TASK PROMPT: Please repeat exactly the lines below from the one containing "with c show" down to the one containing "define c' where", both included, and nothing else.

DATASET RECORDS:
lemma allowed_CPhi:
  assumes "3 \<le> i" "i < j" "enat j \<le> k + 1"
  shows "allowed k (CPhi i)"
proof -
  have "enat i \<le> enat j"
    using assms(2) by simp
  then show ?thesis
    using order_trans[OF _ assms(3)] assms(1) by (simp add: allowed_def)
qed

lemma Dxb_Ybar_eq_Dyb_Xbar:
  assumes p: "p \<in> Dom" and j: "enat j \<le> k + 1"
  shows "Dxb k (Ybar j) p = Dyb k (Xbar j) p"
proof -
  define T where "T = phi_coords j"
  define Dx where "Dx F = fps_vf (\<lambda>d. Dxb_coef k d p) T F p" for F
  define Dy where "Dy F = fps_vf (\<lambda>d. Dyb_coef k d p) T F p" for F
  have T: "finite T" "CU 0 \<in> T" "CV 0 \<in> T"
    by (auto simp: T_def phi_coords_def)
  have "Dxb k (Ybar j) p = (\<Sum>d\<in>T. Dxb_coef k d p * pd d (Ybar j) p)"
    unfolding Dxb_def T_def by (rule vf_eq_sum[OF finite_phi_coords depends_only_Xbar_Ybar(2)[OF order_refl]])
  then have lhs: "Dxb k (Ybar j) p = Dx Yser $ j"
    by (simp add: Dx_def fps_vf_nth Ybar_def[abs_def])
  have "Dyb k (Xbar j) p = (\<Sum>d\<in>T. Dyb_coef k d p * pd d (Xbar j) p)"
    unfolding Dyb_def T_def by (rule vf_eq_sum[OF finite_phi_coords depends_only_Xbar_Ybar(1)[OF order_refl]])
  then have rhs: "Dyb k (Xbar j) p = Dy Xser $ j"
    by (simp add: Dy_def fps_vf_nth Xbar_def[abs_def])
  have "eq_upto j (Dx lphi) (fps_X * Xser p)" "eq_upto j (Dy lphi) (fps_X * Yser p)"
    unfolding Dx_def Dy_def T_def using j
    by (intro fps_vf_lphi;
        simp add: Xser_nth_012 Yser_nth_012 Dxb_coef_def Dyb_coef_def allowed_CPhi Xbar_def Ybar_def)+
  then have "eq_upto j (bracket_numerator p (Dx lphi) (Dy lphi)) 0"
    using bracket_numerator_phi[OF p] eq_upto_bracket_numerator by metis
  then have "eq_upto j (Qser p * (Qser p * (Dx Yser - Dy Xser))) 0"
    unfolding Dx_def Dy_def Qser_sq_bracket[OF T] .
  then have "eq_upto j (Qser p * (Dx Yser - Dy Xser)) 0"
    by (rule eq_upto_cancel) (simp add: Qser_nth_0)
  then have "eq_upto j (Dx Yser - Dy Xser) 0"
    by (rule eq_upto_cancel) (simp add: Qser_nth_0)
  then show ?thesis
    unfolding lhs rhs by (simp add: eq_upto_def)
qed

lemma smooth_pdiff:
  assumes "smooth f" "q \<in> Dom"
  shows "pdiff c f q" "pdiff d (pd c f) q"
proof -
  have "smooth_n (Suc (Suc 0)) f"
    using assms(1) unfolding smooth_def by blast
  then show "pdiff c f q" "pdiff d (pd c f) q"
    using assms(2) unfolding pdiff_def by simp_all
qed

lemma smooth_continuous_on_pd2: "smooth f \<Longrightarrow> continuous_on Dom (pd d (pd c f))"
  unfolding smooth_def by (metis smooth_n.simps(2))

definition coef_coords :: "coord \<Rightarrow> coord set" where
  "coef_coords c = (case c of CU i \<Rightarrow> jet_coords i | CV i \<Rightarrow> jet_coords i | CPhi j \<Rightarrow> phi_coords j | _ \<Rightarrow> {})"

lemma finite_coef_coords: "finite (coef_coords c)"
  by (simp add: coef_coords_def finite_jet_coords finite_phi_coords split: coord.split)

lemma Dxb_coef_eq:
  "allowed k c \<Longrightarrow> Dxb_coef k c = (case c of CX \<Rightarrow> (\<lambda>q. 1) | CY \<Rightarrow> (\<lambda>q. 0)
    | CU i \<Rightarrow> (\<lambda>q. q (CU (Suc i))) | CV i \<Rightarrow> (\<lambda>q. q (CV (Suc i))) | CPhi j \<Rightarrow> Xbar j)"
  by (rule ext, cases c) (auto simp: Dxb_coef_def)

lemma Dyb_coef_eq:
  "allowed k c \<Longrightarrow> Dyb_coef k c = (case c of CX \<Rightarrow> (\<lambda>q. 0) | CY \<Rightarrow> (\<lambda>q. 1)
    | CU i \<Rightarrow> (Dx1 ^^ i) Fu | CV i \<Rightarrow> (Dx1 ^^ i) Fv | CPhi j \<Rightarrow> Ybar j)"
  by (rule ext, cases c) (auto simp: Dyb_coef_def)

...

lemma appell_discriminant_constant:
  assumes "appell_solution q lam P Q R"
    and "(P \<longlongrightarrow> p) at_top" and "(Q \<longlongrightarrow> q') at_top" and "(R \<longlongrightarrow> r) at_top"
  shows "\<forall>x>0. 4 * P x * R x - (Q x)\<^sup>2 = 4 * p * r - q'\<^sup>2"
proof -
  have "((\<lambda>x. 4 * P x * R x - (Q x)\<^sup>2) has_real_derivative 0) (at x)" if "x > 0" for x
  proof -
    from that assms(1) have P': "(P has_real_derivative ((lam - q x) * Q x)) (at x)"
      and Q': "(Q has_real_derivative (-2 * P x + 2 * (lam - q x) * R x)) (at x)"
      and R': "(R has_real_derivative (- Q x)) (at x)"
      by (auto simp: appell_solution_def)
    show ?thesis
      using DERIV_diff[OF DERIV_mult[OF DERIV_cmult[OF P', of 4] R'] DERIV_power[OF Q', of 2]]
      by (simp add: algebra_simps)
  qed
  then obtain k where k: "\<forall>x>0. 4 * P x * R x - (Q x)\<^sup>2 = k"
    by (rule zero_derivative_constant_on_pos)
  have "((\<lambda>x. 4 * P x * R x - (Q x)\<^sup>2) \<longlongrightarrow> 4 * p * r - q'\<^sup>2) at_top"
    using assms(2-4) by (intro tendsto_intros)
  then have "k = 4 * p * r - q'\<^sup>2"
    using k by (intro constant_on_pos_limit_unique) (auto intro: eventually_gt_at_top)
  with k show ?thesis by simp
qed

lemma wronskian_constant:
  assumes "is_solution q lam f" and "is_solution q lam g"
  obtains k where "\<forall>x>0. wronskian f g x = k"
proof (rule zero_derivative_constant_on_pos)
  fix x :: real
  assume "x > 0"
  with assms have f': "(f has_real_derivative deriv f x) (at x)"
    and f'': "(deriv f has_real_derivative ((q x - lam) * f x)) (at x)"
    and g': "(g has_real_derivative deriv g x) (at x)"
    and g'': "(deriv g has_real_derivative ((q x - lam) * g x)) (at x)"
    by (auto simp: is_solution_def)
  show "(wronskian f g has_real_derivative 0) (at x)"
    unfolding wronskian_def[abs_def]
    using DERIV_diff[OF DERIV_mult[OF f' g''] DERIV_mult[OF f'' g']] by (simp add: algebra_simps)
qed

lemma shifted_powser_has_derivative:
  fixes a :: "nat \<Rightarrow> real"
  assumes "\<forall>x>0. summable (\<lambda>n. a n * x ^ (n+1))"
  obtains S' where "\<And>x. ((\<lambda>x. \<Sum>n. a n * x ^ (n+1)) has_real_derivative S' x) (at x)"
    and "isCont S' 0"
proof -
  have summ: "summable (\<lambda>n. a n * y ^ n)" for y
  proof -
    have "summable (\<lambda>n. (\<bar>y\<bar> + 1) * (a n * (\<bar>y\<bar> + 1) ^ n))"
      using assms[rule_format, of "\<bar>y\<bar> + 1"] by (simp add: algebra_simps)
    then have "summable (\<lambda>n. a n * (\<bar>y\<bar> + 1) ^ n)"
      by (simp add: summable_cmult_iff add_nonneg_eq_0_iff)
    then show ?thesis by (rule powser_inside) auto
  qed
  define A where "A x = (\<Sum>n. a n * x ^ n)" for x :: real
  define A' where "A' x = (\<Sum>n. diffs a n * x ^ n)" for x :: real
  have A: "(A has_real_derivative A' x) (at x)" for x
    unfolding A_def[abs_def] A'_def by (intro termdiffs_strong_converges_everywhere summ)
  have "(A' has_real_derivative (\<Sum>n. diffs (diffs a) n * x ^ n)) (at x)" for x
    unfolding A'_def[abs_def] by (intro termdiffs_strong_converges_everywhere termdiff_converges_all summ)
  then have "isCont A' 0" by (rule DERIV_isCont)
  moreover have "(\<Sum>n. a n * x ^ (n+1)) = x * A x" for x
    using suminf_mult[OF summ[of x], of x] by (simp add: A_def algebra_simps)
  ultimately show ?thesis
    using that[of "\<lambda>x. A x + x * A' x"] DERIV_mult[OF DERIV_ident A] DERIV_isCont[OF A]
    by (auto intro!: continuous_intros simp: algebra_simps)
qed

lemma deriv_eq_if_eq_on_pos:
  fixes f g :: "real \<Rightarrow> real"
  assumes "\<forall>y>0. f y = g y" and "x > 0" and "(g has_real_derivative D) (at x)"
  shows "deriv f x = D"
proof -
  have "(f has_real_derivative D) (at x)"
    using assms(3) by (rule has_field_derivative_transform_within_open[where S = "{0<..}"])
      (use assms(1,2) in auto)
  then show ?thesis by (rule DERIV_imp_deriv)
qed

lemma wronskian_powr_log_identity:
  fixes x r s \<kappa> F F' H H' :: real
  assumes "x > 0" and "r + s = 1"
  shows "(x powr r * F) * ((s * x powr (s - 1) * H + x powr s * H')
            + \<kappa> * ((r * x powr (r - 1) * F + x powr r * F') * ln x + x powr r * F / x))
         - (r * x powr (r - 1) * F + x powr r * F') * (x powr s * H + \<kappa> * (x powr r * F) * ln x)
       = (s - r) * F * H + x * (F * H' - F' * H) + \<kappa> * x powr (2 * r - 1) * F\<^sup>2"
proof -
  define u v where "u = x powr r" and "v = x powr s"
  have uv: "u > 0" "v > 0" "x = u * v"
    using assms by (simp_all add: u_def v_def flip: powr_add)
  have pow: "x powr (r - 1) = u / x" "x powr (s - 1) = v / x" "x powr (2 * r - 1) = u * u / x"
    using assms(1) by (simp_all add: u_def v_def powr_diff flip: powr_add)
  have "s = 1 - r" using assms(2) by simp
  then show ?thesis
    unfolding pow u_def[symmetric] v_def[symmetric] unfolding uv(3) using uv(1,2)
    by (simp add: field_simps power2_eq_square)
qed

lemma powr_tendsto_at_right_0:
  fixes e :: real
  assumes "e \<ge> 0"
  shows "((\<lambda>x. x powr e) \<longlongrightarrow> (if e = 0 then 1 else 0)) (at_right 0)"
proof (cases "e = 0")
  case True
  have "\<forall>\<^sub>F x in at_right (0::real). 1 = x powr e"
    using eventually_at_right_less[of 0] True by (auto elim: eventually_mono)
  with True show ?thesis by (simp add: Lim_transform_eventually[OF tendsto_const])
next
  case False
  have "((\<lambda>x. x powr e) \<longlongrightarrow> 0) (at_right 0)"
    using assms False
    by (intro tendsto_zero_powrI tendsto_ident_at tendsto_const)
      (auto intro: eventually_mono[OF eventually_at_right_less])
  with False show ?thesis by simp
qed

--

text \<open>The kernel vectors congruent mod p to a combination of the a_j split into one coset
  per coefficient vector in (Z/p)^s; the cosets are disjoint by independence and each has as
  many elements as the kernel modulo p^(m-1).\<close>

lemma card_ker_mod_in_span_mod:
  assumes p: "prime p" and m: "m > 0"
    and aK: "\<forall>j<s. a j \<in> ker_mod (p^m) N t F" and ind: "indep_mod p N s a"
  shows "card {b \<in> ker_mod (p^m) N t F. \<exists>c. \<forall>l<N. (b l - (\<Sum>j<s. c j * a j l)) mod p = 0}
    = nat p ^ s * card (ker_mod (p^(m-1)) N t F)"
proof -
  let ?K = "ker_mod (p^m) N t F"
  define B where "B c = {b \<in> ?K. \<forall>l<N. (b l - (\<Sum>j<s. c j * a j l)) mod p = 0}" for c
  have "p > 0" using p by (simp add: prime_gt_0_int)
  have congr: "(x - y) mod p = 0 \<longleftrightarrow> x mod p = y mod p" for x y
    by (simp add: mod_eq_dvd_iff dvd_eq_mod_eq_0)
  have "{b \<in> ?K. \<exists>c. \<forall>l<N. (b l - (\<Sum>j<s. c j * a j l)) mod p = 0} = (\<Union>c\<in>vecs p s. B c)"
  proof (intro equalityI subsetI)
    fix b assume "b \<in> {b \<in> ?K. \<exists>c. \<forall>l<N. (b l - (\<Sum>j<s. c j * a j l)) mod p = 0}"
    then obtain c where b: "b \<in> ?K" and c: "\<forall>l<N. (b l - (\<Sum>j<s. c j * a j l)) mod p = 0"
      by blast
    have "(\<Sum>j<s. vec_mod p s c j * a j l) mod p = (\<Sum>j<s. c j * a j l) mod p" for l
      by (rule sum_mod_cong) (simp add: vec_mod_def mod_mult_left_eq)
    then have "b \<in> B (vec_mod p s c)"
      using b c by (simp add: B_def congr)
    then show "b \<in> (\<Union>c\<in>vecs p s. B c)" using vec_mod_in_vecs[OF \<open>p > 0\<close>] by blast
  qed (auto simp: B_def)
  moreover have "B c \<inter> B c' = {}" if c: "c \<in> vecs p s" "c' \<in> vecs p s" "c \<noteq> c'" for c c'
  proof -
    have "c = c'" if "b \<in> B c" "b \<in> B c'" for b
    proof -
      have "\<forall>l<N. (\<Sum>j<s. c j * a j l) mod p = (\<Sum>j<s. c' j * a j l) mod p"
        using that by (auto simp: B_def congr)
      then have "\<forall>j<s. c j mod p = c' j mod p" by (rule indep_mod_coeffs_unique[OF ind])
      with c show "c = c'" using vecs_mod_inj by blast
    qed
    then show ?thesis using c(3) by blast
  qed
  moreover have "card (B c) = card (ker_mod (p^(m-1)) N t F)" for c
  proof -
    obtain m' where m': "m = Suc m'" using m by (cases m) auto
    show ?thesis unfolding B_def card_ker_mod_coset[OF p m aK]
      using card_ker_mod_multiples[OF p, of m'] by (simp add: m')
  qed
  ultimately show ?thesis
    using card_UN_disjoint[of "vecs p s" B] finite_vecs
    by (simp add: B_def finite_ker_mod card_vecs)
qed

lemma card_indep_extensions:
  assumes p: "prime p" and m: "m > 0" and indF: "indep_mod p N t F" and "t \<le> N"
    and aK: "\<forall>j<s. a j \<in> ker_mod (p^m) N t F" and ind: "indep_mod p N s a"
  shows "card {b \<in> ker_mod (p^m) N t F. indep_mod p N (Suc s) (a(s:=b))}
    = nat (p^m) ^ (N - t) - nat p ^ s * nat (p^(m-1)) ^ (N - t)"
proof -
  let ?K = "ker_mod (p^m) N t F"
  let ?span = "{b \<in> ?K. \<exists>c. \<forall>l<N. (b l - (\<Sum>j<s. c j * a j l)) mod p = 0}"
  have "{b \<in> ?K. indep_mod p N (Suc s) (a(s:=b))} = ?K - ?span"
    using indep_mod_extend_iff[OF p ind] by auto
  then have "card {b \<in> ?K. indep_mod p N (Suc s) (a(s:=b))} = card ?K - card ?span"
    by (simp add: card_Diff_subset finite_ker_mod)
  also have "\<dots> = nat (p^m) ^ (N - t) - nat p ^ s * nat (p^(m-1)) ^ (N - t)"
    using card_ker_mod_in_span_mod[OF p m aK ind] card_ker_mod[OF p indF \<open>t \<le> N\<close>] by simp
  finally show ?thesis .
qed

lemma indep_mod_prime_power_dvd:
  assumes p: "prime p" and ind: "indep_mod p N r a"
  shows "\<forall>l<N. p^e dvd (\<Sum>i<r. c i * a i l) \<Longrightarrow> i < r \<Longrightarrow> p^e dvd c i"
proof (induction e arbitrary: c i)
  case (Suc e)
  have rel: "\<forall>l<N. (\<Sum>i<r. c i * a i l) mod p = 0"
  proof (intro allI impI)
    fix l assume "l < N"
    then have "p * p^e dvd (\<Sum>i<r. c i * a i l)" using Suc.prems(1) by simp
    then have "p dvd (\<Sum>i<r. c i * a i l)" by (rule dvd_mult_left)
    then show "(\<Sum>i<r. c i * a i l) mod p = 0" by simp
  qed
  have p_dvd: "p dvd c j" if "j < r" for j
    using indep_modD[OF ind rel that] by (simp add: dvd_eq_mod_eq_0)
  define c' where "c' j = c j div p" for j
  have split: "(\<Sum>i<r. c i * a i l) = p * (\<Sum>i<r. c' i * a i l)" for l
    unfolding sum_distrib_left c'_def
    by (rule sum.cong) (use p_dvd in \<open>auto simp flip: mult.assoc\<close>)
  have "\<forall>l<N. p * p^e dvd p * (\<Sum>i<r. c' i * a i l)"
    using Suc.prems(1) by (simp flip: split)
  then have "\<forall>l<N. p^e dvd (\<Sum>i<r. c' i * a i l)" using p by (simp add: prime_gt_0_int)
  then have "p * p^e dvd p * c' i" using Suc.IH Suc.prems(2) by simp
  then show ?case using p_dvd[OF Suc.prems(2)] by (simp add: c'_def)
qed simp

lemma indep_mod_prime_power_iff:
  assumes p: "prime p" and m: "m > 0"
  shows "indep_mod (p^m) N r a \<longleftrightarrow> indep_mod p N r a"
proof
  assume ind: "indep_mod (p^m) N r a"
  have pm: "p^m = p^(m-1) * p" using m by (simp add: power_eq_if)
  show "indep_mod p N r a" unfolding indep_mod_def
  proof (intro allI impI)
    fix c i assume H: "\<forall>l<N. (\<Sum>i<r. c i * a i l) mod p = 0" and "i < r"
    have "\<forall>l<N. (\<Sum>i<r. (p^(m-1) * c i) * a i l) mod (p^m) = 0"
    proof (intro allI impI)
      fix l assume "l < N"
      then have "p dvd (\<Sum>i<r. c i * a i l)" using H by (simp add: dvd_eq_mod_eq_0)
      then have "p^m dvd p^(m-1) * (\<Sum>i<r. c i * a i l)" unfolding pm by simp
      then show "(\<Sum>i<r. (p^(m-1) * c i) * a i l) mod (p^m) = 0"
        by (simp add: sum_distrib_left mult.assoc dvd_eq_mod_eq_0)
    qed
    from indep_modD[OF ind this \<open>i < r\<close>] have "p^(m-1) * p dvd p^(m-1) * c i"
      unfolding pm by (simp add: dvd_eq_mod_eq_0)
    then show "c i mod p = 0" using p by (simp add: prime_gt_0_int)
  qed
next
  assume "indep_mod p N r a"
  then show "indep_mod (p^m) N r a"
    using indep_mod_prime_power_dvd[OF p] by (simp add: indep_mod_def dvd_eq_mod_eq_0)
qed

COMPLETED EXERCISE:
      with c show "c = c'" using vecs_mod_inj by blast
    qed
    then show ?thesis using c(3) by blast
  qed
  moreover have "card (B c) = card (ker_mod (p^(m-1)) N t F)" for c
  proof -
    obtain m' where m': "m = Suc m'" using m by (cases m) auto
    show ?thesis unfolding B_def card_ker_mod_coset[OF p m aK]
      using card_ker_mod_multiples[OF p, of m'] by (simp add: m')
  qed
  ultimately show ?thesis
    using card_UN_disjoint[of "vecs p s" B] finite_vecs
    by (simp add: B_def finite_ker_mod card_vecs)
qed

lemma card_indep_extensions:
  assumes p: "prime p" and m: "m > 0" and indF: "indep_mod p N t F" and "t \<le> N"
    and aK: "\<forall>j<s. a j \<in> ker_mod (p^m) N t F" and ind: "indep_mod p N s a"
  shows "card {b \<in> ker_mod (p^m) N t F. indep_mod p N (Suc s) (a(s:=b))}
    = nat (p^m) ^ (N - t) - nat p ^ s * nat (p^(m-1)) ^ (N - t)"
proof -
  let ?K = "ker_mod (p^m) N t F"
  let ?span = "{b \<in> ?K. \<exists>c. \<forall>l<N. (b l - (\<Sum>j<s. c j * a j l)) mod p = 0}"
  have "{b \<in> ?K. indep_mod p N (Suc s) (a(s:=b))} = ?K - ?span"
    using indep_mod_extend_iff[OF p ind] by auto
  then have "card {b \<in> ?K. indep_mod p N (Suc s) (a(s:=b))} = card ?K - card ?span"
    by (simp add: card_Diff_subset finite_ker_mod)
  also have "\<dots> = nat (p^m) ^ (N - t) - nat p ^ s * nat (p^(m-1)) ^ (N - t)"
    using card_ker_mod_in_span_mod[OF p m aK ind] card_ker_mod[OF p indF \<open>t \<le> N\<close>] by simp
  finally show ?thesis .
qed

lemma indep_mod_prime_power_dvd:
  assumes p: "prime p" and ind: "indep_mod p N r a"
  shows "\<forall>l<N. p^e dvd (\<Sum>i<r. c i * a i l) \<Longrightarrow> i < r \<Longrightarrow> p^e dvd c i"
proof (induction e arbitrary: c i)
  case (Suc e)
  have rel: "\<forall>l<N. (\<Sum>i<r. c i * a i l) mod p = 0"
  proof (intro allI impI)
    fix l assume "l < N"
    then have "p * p^e dvd (\<Sum>i<r. c i * a i l)" using Suc.prems(1) by simp
    then have "p dvd (\<Sum>i<r. c i * a i l)" by (rule dvd_mult_left)
    then show "(\<Sum>i<r. c i * a i l) mod p = 0" by simp
  qed
  have p_dvd: "p dvd c j" if "j < r" for j
    using indep_modD[OF ind rel that] by (simp add: dvd_eq_mod_eq_0)
  define c' where "c' j = c j div p" for j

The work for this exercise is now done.